2. `Mean Absolute Error (MAE):` $\text{MAE} = \frac{1}{n} \sum_{i=1}^{n} |y_i - \hat{y}_i|$
The MAE calculates the average of the absolute differences between the actual and predicted values. Unlike MSE, MAE treats all errors linearly, making it more robust to outliers. However, the absolute value function is less smooth than the squared error function, which can make optimization more challenging.

3. `Huber Loss:`
   $L_{\delta}(a) = \begin{cases} \frac{1}{2}a^2 & \text{for } |a| \leq \delta \\ \delta(|a| - \frac{1}{2}\delta) & \text{for } |a| > \delta \end{cases};  a = y_i - \hat{y}_i$ <br/>
  The Huber loss function combines the advantages of both MSE and MAE, behaving quadratically for small errors and linearly for large errors, with a threshold parameter $\delta$ determining the transition. It is less sensitive to outliers than MSE but more sensitive than MAE, and the parameter $\delta$ can be adjusted based on the data. Unlike MAE, the Huber loss function is differentiable everywhere, making it suitable for gradient-based optimization.

**Loss functions in classification**<br/>
  1. `Categorical Cross-Entropy Loss (Log Loss):` Cross-entropy loss compares the true labels with the predicted probabilities. This type of loss is widely used in multi-class and binary classifications (binary cross-entropy). The loss value increases when the predicted probability deviates from the true label, and it penalizes confident but incorrect predictions. Cross-entropy is differentiable, making it suitable for optimization methods based on gradients. Commonly used in neural networks for multi-class classification with softmax output.<br/>
  *Target Labels:*The true labels are provided as a one-hot encoded vector, where the vector is of length C (the number of classes), and only the index corresponding to the true class has a value of 1, with all other indices being 0 ([1,0,0],[0,1,0],[0,0,1]).<br/>
  $\text{Cross-Entropy} = -\frac{1}{n} \sum_{i=1}^{n} \sum_{c=1}^{C} y_{i,c} \log(\hat{p}_{i,c})$<br/>
  $y_{i,c}$ is a binary indicator (0 or 1) if class label *c* is the correct classification for observation *i*.<br/> 
  $\hat{p}_{i,c}$ is the predicted probability that observation *i* is of class *c*.<br/>
  *C* is the number of classes.

  2. `Sparse Categorical Cross-Entropy:` It is used when labels are provided as integers representing the correct class index, a more efficient alternative, especially for problems with a large number of classes.<br/>
  *Target Labels:* The true labels are provided as integers instead of one-hot encoded vectors ([0],[1],[2]).<br/>
  $\text{Sparse Cross-Entropy} = -\sum_{i=1}^{n} \log(\hat{p}_{i,\text{true label}})$ <br/>
  $\hat{p}_{i,\text{true label}}$ is the predicted probability for the correct class.
  
  3. `Hinge Loss (Used in Support Vector Machines - SVMs):` Hinge Loss is primarily used in training SVMs. Its primary goal is to ensure that predictions are not only correct but also confidently correct by a certain margin. Correct predictions with a margin of at least 1 have zero hinge loss, while incorrect predictions are penalized based on their distance from the decision boundary. Hinge loss is used for binary classification but can be adapted for multi-class classification.<br/> 
  $\text{Hinge Loss} = \sum_{i=1}^{n} \max(0, 1 - y_i \cdot f(\mathbf{x}_i))$<br/> 
  $y_i$ is the true label (-1 or +1 for binary classification)<br/> 
  $f(\mathbf{x}_i)$ is the predicted score (before applying the sign function to determine the class).

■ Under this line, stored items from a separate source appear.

lemma patch'_pointwise_bound:
  fixes u \<phi> D :: "real \<Rightarrow> real"
  assumes \<delta>: "0 < \<delta>" and ab: "a < b" and x: "x \<noteq> a" "x \<noteq> b"
    and \<phi>: "\<bar>\<phi> x\<bar> \<le> 1" and D: "\<bar>D x\<bar> \<le> B" and K: "\<bar>u x - M\<bar> \<le> K"
    and mid: "x \<in> {a<..<b} \<Longrightarrow> u x = M + c"
    and side: "x \<in> {a - \<delta><..<a} \<union> {b<..<b + \<delta>} \<Longrightarrow> u x \<le> M"
  shows "c * (indicator {a<..<b} x * patch' \<delta> a b \<phi> D x)
           - K * B * indicator {a - \<delta><..<a} x - K * B * indicator {b<..<b + \<delta>} x
           + M * (patch' \<delta> a b \<phi> D x - D x)
         \<le> u x * patch' \<delta> a b \<phi> D x - (u x - c * indicator {a<..<b} x) * D x"
proof -
  define \<kappa> where "\<kappa> = plateau \<delta> a b x"
  define \<kappa>' where "\<kappa>' = plateau' \<delta> a b x"
  define \<rho> where "\<rho> = ramp a b x"
  define \<rho>' where "\<rho>' = ramp' a b x"
  have \<kappa>: "0 \<le> \<kappa>" "\<kappa> \<le> 1" using plateau_bounds[OF \<delta>] ab by (auto simp: \<kappa>_def)
  have expand: "u x * patch' \<delta> a b \<phi> D x - (u x - c * indicator {a<..<b} x) * D x
      - M * (patch' \<delta> a b \<phi> D x - D x)
      = (u x - M) * \<kappa>' * (\<rho> - \<phi> x) + (u x - M) * \<kappa> * \<rho>' - (u x - M) * \<kappa> * D x
        + c * indicator {a<..<b} x * D x"
    by (simp add: patch'_def \<kappa>_def \<kappa>'_def \<rho>_def \<rho>'_def algebra_simps)
  \<comment> \<open>Only the term \<open>(u x - M) * \<kappa> * D x\<close> can be negative off \<open>(a, b)\<close>; it costs at most \<open>K B\<close>.\<close>
  have "\<bar>(u x - M) * \<kappa> * D x\<bar> \<le> K * 1 * B"
    unfolding abs_mult using K D \<kappa> by (intro mult_mono) auto
  then have KB: "- K * B \<le> - (u x - M) * \<kappa> * D x" by linarith
  consider "x \<le> a - \<delta> \<or> b + \<delta> \<le> x" | "x \<in> {a - \<delta><..<a}" | "x \<in> {a<..<b}" | "x \<in> {b<..<b + \<delta>}"
    using x by force
  then show ?thesis
  proof cases
    case 1
    then have "\<kappa> = 0" "\<kappa>' = 0" using plateau_outside[OF \<delta> ab] by (auto simp: \<kappa>_def \<kappa>'_def)
    moreover have "x \<notin> {a<..<b} \<union> {a - \<delta><..<a} \<union> {b<..<b + \<delta>}" using 1 \<delta> ab by auto
    ultimately show ?thesis using expand by simp
  next
    case 2
    then have "0 \<le> \<kappa>'" "\<rho> = -1" "\<rho>' = 0"
      using plateau'_nonneg_left[OF \<delta>, of x a b] ramp_left[OF ab, of x] ab by (auto simp: \<kappa>'_def \<rho>_def \<rho>'_def)
    moreover have "x \<notin> {a<..<b}" "x \<notin> {b<..<b + \<delta>}" using 2 ab by auto
    moreover have "0 \<le> (M - u x) * \<kappa>' * (1 + \<phi> x)" using side 2 \<phi> \<open>0 \<le> \<kappa>'\<close> by auto
    ultimately show ?thesis using expand KB 2 by (simp add: algebra_simps)
  next
    case 3
    then have "\<kappa> = 1" "\<kappa>' = 0" using plateau_inside[OF \<delta>, of a x b] by (auto simp: \<kappa>_def \<kappa>'_def)
    moreover have "x \<notin> {a - \<delta><..<a}" "x \<notin> {b<..<b + \<delta>}" using 3 by auto
    moreover have "patch' \<delta> a b \<phi> D x = \<rho>'"
      using \<open>\<kappa> = 1\<close> \<open>\<kappa>' = 0\<close> by (simp add: patch'_def \<kappa>_def \<kappa>'_def \<rho>'_def)
    ultimately show ?thesis using expand mid 3 by (simp add: algebra_simps)
  next
    case 4
    then have "\<kappa>' \<le> 0" "\<rho> = 1" "\<rho>' = 0"
      using plateau'_nonpos_right[OF \<delta>, of b x a] ramp_right[OF ab, of x] ab by (auto simp: \<kappa>'_def \<rho>_def \<rho>'_def)
    moreover have "x \<notin> {a<..<b}" "x \<notin> {a - \<delta><..<a}" using 4 ab by auto
    moreover have "0 \<le> (M - u x) * (- \<kappa>') * (1 - \<phi> x)"
      using side 4 \<phi> \<open>\<kappa>' \<le> 0\<close> by (intro mult_nonneg_nonneg) auto
    ultimately show ?thesis using expand KB 4 by (simp add: algebra_simps)
  qed
qed

lemma integral_derivative_test_fun:
  assumes "test_fun T \<psi>" "\<And>x. (\<psi> has_real_derivative \<psi>' x) (at x)" "continuous_on UNIV \<psi>'"
  shows "(\<integral>x. \<psi>' x \<partial>Om T) = 0"
proof -
  have "0 < T" using assms(1) by (auto simp: test_fun_def)
  then show ?thesis
    using integral_lebesgue_on_Ioo_FTC[of 0 T \<psi> \<psi>'] test_fun_vanishes_at_ends[OF assms(1)] assms(2)
      continuous_on_subset[OF assms(3) subset_UNIV] by simp
qed

lemma integral_patch'_on_plateau:
  assumes "0 < \<delta>" "a < b" "{a<..<b} \<subseteq> {0<..<T}"
    and "\<And>x. (\<phi> has_real_derivative D x) (at x)" "continuous_on UNIV D"
  shows "(\<integral>x. indicator {a<..<b} x * patch' \<delta> a b \<phi> D x \<partial>Om T) = 2"
proof -
  have "(\<integral>x. indicator {a<..<b} x * patch' \<delta> a b \<phi> D x \<partial>Om T)
      = integral\<^sup>L (lebesgue_on {a<..<b}) (patch' \<delta> a b \<phi> D)"
    using assms(3) by (intro integral_lebesgue_on_indicator_mult) auto
  also have "\<dots> = patch \<delta> a b \<phi> b - patch \<delta> a b \<phi> a"
    using assms(1,2) patch_has_real_derivative[OF assms(1,2,4)]
      continuous_on_patch'[OF assms(1,2,4) continuous_on_subset[OF assms(5) subset_UNIV]]
    by (intro integral_lebesgue_on_Ioo_FTC) auto
  finally show ?thesis using patch_at_ends[OF assms(1,2)] by simp
qed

  4. `Kullback-Leibler Divergence (KL Divergence):` KL Divergence measures the difference between two probability distributions, commonly used in classification tasks where understanding the probabilistic interpretation of the output is important. When the predicted distribution matches the true distribution, the KL divergence is zero, but it increases as the distributions diverge. KL divergence is often used alongside other loss functions or in tasks such as language modeling, where output distributions are compared.<br/>
  $D_{\text{KL}}(P \parallel Q) = \sum_{i=1}^{n} p_i \log\left(\frac{p_i}{q_i}\right)$<br/>
  $p_i$ is the true distribution.
  $q_i$ is the predicted distribution.